## About this exercise
Tally every line below where "largest" appears, then report the total alone.

[[ Source information open ]]

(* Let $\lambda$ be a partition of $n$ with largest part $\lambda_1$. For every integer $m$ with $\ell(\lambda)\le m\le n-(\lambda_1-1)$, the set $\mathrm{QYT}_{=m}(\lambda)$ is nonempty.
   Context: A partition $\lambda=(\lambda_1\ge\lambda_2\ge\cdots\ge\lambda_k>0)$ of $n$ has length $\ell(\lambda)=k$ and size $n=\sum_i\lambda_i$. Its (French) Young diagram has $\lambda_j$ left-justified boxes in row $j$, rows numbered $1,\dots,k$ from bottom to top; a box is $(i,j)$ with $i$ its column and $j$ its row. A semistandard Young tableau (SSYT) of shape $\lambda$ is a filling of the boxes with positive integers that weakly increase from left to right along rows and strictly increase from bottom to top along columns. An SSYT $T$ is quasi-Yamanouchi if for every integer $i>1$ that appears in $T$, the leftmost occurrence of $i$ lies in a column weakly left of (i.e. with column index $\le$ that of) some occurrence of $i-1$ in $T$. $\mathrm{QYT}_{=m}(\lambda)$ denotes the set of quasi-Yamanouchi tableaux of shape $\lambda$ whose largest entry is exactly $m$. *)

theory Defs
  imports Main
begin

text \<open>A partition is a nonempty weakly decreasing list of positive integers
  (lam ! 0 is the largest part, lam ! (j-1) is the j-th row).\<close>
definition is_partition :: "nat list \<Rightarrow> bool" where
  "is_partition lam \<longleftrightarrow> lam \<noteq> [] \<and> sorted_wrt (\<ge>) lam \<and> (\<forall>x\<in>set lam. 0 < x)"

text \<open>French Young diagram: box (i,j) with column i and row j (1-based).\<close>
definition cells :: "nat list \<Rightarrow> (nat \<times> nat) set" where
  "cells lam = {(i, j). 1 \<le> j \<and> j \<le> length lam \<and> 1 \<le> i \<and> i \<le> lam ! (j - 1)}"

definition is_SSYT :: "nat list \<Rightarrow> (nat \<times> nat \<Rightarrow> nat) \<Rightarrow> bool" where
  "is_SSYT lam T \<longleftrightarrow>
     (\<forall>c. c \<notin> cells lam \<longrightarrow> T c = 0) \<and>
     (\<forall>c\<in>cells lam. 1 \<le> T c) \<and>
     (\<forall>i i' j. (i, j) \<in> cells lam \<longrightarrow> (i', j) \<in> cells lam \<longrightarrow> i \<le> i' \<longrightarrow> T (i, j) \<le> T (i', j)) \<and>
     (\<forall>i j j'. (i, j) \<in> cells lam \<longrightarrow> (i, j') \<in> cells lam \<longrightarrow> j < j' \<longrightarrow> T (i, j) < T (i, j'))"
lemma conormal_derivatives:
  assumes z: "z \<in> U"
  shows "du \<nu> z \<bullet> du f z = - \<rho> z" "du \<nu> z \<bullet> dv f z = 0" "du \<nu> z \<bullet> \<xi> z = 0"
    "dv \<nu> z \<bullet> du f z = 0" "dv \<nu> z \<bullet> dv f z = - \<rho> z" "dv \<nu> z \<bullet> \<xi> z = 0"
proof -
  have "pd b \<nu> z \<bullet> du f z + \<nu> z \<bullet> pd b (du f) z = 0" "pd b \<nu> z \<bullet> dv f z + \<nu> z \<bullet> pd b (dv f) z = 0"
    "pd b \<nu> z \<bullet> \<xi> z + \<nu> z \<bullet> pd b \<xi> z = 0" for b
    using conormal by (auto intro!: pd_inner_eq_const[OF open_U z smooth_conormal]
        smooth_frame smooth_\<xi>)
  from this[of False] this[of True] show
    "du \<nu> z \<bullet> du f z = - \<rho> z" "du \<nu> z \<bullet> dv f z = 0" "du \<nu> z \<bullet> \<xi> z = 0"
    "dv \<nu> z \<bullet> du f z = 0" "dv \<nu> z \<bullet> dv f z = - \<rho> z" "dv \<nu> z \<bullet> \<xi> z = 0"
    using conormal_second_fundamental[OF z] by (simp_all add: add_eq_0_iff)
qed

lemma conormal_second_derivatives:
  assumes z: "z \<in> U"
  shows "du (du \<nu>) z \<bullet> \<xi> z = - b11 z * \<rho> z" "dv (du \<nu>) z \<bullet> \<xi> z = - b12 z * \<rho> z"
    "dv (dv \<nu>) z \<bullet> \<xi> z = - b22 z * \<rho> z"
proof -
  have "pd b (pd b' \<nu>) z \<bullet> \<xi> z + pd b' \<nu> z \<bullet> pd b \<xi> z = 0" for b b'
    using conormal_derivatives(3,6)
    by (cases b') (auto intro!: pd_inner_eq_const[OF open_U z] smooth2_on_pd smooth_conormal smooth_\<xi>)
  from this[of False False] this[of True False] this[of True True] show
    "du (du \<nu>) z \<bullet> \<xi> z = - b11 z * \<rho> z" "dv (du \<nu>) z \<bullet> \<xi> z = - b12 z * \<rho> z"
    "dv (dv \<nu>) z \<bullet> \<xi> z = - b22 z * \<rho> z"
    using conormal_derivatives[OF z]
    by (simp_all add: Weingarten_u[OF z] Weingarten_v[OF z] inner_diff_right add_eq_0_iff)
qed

[[ Source information closed ]]

## Task output
3